The __Prediction Pipeline__ in NeSy4PPM is responsible for generating activity suffix predictions from a prefix (i.e., an incomplete trace) using a trained neural model. To enhance both accuracy and compliance under concept drift, it supports two main prediction modes:
- __BK-contextualized Beam Search__: the BK is used *during* beam search to guide which branches are explored based on compliance.
- __BK-based Filtering__: the BK is used *after* the beam search to filter out non-compliant predicted suffixes.

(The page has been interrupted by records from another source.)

lemma kernel_pair_cancel:
  assumes z: "z \<in> hom C Y K" "z' \<in> hom C Y K" and "cmp C k1 z = cmp C k1 z'" "cmp C k2 z = cmp C k2 z'"
  shows "z = z'"
proof -
  note W = homD[OF z(1)] homD[OF z(2)]
  have "cmp C m1 (cmp C m2 z) = cmp C m1 (cmp C m2 z')"
    by (rule product_cancel[OF product, where Y=Y])
      (use assms in \<open>simp_all add: k1_def k2_def kernel_pair_typing W normalize_composites hom_def\<close>)
  moreover have "cmp C m2 z \<in> hom C Y E1" "cmp C m2 z' \<in> hom C Y E1"
    by (simp_all add: kernel_pair_typing W normalize_composites hom_def)
  ultimately have "cmp C m2 z = cmp C m2 z'"
    using equalizer_cancel[OF first_equalizer hp hq] by blast
  then show "z = z'"
    by (rule equalizer_cancel[OF second_equalizer kpm1 kqm1 z])
qed

lemma kernel_pair_factor2:
  assumes z: "z \<in> hom C Y K" "z' \<in> hom C Y K"
    and r1: "r1 \<in> cells C (cmp C k1 z) (cmp C k1 z')" and r2: "r2 \<in> cells C (cmp C k2 z) (cmp C k2 z')"
    and hr: "lwh C h r1 = lwh C h r2" and kr: "lwh C k r1 = lwh C k r2"
  obtains r where "r \<in> cells C z z'" "lwh C k1 r = r1" "lwh C k2 r = r2"
proof -
  note W = homD[OF z(1)] homD[OF z(2)] cellsD[OF r1] cellsD[OF r2]
  have m12z: "cmp C m1 (cmp C m2 z) \<in> hom C Y Q" "cmp C m1 (cmp C m2 z') \<in> hom C Y Q"
    by (simp_all add: kernel_pair_typing W normalize_composites hom_def)
  have "r1 \<in> cells C (cmp C p (cmp C m1 (cmp C m2 z))) (cmp C p (cmp C m1 (cmp C m2 z')))"
    "r2 \<in> cells C (cmp C q (cmp C m1 (cmp C m2 z))) (cmp C q (cmp C m1 (cmp C m2 z')))"
    by (simp_all add: k1_def k2_def kernel_pair_typing W normalize_composites cells_def)
  then obtain w where w: "w \<in> cells C (cmp C m1 (cmp C m2 z)) (cmp C m1 (cmp C m2 z'))"
      "lwh C p w = r1" "lwh C q w = r2"
    by (rule product_pair2[OF product m12z])
  note W = W cellsD[OF w(1)] w(2,3)
  have m2z: "cmp C m2 z \<in> hom C Y E1" "cmp C m2 z' \<in> hom C Y E1"
    by (simp_all add: kernel_pair_typing W normalize_composites hom_def)
  have "lwh C (cmp C h p) w = lwh C (cmp C h q) w"
    using hr by (simp add: kernel_pair_typing W normalize_composites)
  then obtain x where x: "x \<in> cells C (cmp C m2 z) (cmp C m2 z')" "lwh C m1 x = w"
    by (rule equalizer_factor2[OF first_equalizer m2z w(1)])
  note W = W cellsD[OF x(1)] x(2)
  have "lwh C (cmp C k (cmp C p m1)) x = lwh C (cmp C k (cmp C q m1)) x"
    using kr by (simp add: kernel_pair_typing W normalize_composites)
  then obtain r where r: "r \<in> cells C z z'" "lwh C m2 r = x"
    using equalizer_factor2[OF second_equalizer z] x(1) by blast
  note W = W cellsD[OF r(1)] r(2)
  from r(1) show thesis by (rule that) (simp_all add: k1_def k2_def kernel_pair_typing W normalize_composites)
qed

lemma kernel_pair_cancel2:
  assumes z: "z \<in> hom C Y K" and r: "r \<in> cells C z z'" "r' \<in> cells C z z'"
    and k1r: "lwh C k1 r = lwh C k1 r'" and k2r: "lwh C k2 r = lwh C k2 r'"
  shows "r = r'"
proof -
  have z': "z' \<in> hom C Y K" using cells_tgt_in_hom r(1) z by blast
  note W = homD[OF z] homD[OF z'] cellsD[OF r(1)] cellsD[OF r(2)]
  have m2z: "cmp C m2 z \<in> hom C Y E1" by (simp add: kernel_pair_typing W hom_def normalize_composites)
  have m2r: "lwh C m2 r \<in> cells C (cmp C m2 z) (cmp C m2 z')" "lwh C m2 r' \<in> cells C (cmp C m2 z) (cmp C m2 z')"
    by (simp_all add: kernel_pair_typing W cells_def normalize_composites)
  have "cmp C m1 (cmp C m2 z) \<in> hom C Y Q" by (simp add: kernel_pair_typing W hom_def normalize_composites)
  moreover have "lwh C m1 (lwh C m2 r) \<in> cells C (cmp C m1 (cmp C m2 z)) (cmp C m1 (cmp C m2 z'))"
    "lwh C m1 (lwh C m2 r') \<in> cells C (cmp C m1 (cmp C m2 z)) (cmp C m1 (cmp C m2 z'))"
    by (simp_all add: kernel_pair_typing W cells_def normalize_composites)
  moreover have "lwh C p (lwh C m1 (lwh C m2 r)) = lwh C p (lwh C m1 (lwh C m2 r'))"
    "lwh C q (lwh C m1 (lwh C m2 r)) = lwh C q (lwh C m1 (lwh C m2 r'))"
    using k1r k2r by (simp_all add: k1_def k2_def kernel_pair_typing W normalize_composites)
  ultimately have "lwh C m1 (lwh C m2 r) = lwh C m1 (lwh C m2 r')"
    by (rule product_cancel2[OF product])
  then have "lwh C m2 r = lwh C m2 r'"
    by (rule equalizer_cancel2[OF first_equalizer hp hq m2z m2r])
  then show "r = r'"
    by (rule equalizer_cancel2[OF second_equalizer kpm1 kqm1 z r])
qed

end

text \<open>When (d0, d1, l) is the arrow object of A, a pair of 1-cells into P with common boundary is a
  pair of parallel 2-cells, so K becomes the object of parallel pairs \<alpha>, \<beta> : u \<Rightarrow> v.\<close>

locale cell_pair_construction =
  joint_kernel_pair_construction C P A Q E1 K d0 d1 p q m1 m2
  for C :: "('o, 'm, 'c) two_cat" and P A Q E1 K d0 d1 p q m1 m2 +
  fixes l :: 'c
  assumes arrow_object: "is_arrow_object C A P d0 d1 l"
begin

definition "u = cmp C d0 k1"
definition "v = cmp C d1 k1"
definition "\<alpha> = rwh C l k1"
definition "\<beta> = rwh C l k2"

lemma cell_pair_in_hom: "u \<in> hom C K A" "v \<in> hom C K A" "\<alpha> \<in> cells C u v" "\<beta> \<in> cells C u v"
proof -
  note l = arrow_objectD(2-4)[OF arrow_object]
  show "u \<in> hom C K A" "v \<in> hom C K A"
    unfolding u_def v_def using cmp_in_hom[OF kernel_pair_in_hom(2)] l by blast+
  show "\<alpha> \<in> cells C u v" "\<beta> \<in> cells C u v"
    unfolding u_def v_def \<alpha>_def \<beta>_def using rwh_in_cells[OF l(3,1) kernel_pair_in_hom(2)]
      rwh_in_cells[OF l(3,1) kernel_pair_in_hom(3)] kernel_pair_commutes by simp_all
qed

lemmas cell_pair_typing = kernel_pair_typing homD[OF kernel_pair_in_hom(2)] homD[OF kernel_pair_in_hom(3)]
  cellsD[OF arrow_objectD(4)[OF arrow_object]]
(* Let $n\in\mathbb{N}$. For each $k\in\mathbb{N}$ let $X_k = \{\alpha\in\mathcal{O}\,|\,N(\alpha) = k\}$, $t_k = |X_k/\mathcal{O}^{\times}|$ and $x_{1,k}, \dots, x_{t_k,k}$ be a set of representatives for $X_k/\mathcal{O}^{\times}$ (under right multiplication by units). For such $k$ define \[R_{k} := \left\{\begin{pmatrix}x_{i,k} & v\\ w & x_{j,k}\end{pmatrix}\,:\,1\leq i,j\leq t_k,\ v,w\in X_{n-k},\ x_{i,k}\overline{w} + v\overline{x_{j,k}} = 0\right\}.\] Then the following matrices are representatives for $(\text{GU}_2(D)_n\cap M_2(\mathcal{O})^{\times})/ \Gamma^{(1)}$ (cosets under right multiplication by $\Gamma^{(1)}$): $\bigcup_{k=m+1}^n R_k$ if $n=2m+1$ is odd, and $\left(\bigcup_{k=m+1}^n R_k\right)\cup R_{m}'$ if $n=2m$ is even. Here $R_m'\subset R_m$ is the finite subset obtained as follows: each matrix $\begin{pmatrix}x_{i,m} & v\\ w & x_{j,m}\end{pmatrix}\in R_m$ is equivalent under right multiplication by an antidiagonal element of $\Gamma^{(1)}$ to at most one other matrix of $R_m$, namely $\begin{pmatrix}x_{s,m} & \frac{x_{i,m}\overline{w}x_{t,m}}{m}\\ \frac{x_{j,m}\overline{v}x_{s,m}}{m} & x_{t,m}\end{pmatrix}$ where $v\sim x_{s,m}$ and $w\sim x_{t,m}$ under right unit multiplication; $R_m'$ consists of one chosen matrix from each such equivalence pair.
   Context: $D$ is a definite quaternion algebra over $\mathbb{Q}$ ramified exactly at $\{p,\infty\}$ for a prime $p$, with standard involution $x\mapsto\overline{x}$ and reduced norm $N$; $\mathcal{O}$ is a fixed maximal order with (finite) unit group $\mathcal{O}^\times$. $\text{GU}_2(D) = \{g\in M_2(D)\,|\,g\overline{g}^T = \mu(g)I,\ \mu(g)\in\mathbb{Q}^\times\}$, and $\text{GU}_2(D)_n$ denotes its elements of similitude $\mu(g)=n$. $M_2(\mathcal{O})^\times = \text{GL}_2(D)\cap M_2(\mathcal{O})$. $\Gamma^{(1)} = \text{GU}_2(\mathcal{O})$ is the finite group of matrices $\begin{pmatrix}\alpha&0\\0&\beta\end{pmatrix}$ and $\begin{pmatrix}0&\alpha\\ \beta&0\end{pmatrix}$ with $\alpha,\beta\in\mathcal{O}^\times$. In the paper this is applied (for $p\in\{2,3\}$, $n=q$ a prime $\neq p$) to obtain Hecke representatives for the operator $T_{u,q}$. *)

theory Defs
  imports "HOL-Number_Theory.Number_Theory"
begin
lemma pprod_selected_single_limit:
  assumes G: "monoid G" and "p \<in> S" and "b p \<in> carrier G"
    and others: "\<And>k. k \<in> S \<Longrightarrow> k \<noteq> p \<Longrightarrow> b k = \<one>\<^bsub>G\<^esub>"
    and lim: "eventually (\<lambda>n. pprod G (\<lambda>k. if k \<in> S then b k else \<one>\<^bsub>G\<^esub>) n = c) sequentially"
  shows "c = b p"
proof -
  have "pprod G (\<lambda>k. if k \<in> S then b k else \<one>\<^bsub>G\<^esub>) n = (if p < n then b p else \<one>\<^bsub>G\<^esub>)" for n
    using pprod_single_factor[OF G, where a="\<lambda>k. if k \<in> S then b k else \<one>\<^bsub>G\<^esub>" and p=p]
      assms by simp
  with lim have "eventually (\<lambda>n. (if p < n then b p else \<one>\<^bsub>G\<^esub>) = c) sequentially" by simp
  moreover have "eventually (\<lambda>n. p < n) sequentially" by (rule eventually_gt_at_top)
  ultimately have "eventually (\<lambda>n. b p = c) sequentially" by eventually_elim simp
  then show ?thesis by simp
qed

lemma pprod_eventually_const_imp_factors:
  assumes G: "group G" and a: "\<And>k. a k \<in> carrier G"
    and const: "eventually (\<lambda>n. pprod G a n = c) sequentially"
  shows "eventually (\<lambda>n. a n = \<one>\<^bsub>G\<^esub>) sequentially"
proof -
  from const obtain N where N: "\<And>n. N \<le> n \<Longrightarrow> pprod G a n = c"
    unfolding eventually_sequentially by blast
  have "a n = \<one>\<^bsub>G\<^esub>" if "N \<le> n" for n
  proof -
    have "pprod G a (Suc n) = pprod G a n"
      using N[of n] N[of "Suc n"] that by simp
    then have "pprod G a n \<otimes>\<^bsub>G\<^esub> a n = pprod G a n" by simp
    then show ?thesis
      using group.l_cancel_one[OF G pprod_closed[OF group.is_monoid[OF G] a] a[of n]] by simp
  qed
  then show ?thesis unfolding eventually_sequentially by blast
qed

## 3.1 Set prediction parameters
The prediction process begins by specifying the following parameters that control how the prediction algorithm operates:
- `log_data.evaluation_prefix_start`: the minimum prefix length (in events) for prediction.
- `log_data.evaluation_prefix_end`: the maximum prefix length for prediction.
- `model_arch`: the trained model architecture (`NN_model.LSTM` or `NN_model.Transformer`).
- `encoder`: the encoding method used during training (`Encodings.One_hot` or `Encodings.Index_based`).
- `output_folder`: the path where the trained model and prediction results are saved.
- `bk_file_path`: the path to the `BK` (background knowledge) file.
- `beam_size`: the number of alternative suffixes explored in parallel by the beam search. A `simple autoregressive prediction` can be performed by setting `beam_size` to `0` (greedy search).
- `weight`: a float value in [0, 1] that balances the importance of neural predictions and BK compliance. A value of 0 uses only the neural model, while higher values increase the importance of BK during the search.
- `BK_end`: a boolean parameter indicating whether BK is applied at the end (i.e., filtering) instead of during the search,
- `fitness_method`: the method used to compute compliance scores—i.e., the alignment or replay fitness between the predicted trace and the procedural model. This parameter is only applicable when the BK model is procedural, and must be set to one of the following: : `conformance_diagnostics_alignments`, `fitness_alignments`, `conformance_diagnostics_token_based_replay` or `fitness_token_based_replay`.


In [7]:
from NeSy4PPM.commons.utils import NN_model
from NeSy4PPM.commons.utils import Encodings

(log_data.evaluation_prefix_start, log_data.evaluation_prefix_end) = (1,4)
model_arch = NN_model.Transformer
encoder = Encodings.Index_based
output_folder= Path.cwd().parent/'data'/'output'
bk_file_path = Path.cwd().parent/'data'/'input'/'declare_models'/'BK_helpdesk_filtred.decl'
beam_size = 3
weight = [0.9]
BK_end = False

## 3.2 Load the Background Knowledge (BK)
After setting the parameters, a background knowledge (BK) model must be loaded using the `load_bk` function. `BK` can represent domain constraints or business rules, and can be encoded in various formats:

- __Procedural models__: `.bpmn` (Business Process Model and Notation), `.pnml` (Petri Nets)
- __Declare models__: `.decl` (Declare constraints)
- __Probabilistic Declare models__: `.txt` (Declare constraints annotated with probabilities)

In [8]:
from NeSy4PPM.commons.utils import load_bk

bk_model = load_bk(bk_file_path)

0 Alternate Precedence[Wait, Closed] | | |
1 Alternate Response[Assign seriousness, Wait] | | |
2 Alternate Precedence[Wait, Resolve ticket] | | |
3 Exactly1[Wait] | |
4 Chain Response[Take in charge ticket, Wait] | | |


## 3.3 Perform Prediction
NeSy4PPM implements the `predict_evaluate` function, which generates activity suffixes using the proposed neuro-symbolic beam search algorithm and computes two evaluation metrics:
   - __Damerau-Levenshtein Similarity__, measuring the similarity between the predicted and actual suffixes based on edit distance,
   - __Jaccard Similarity__, measuring the overlap between the sets of predicted and actual activities. suffix prediction using a trained neural model and loaded `BK` model.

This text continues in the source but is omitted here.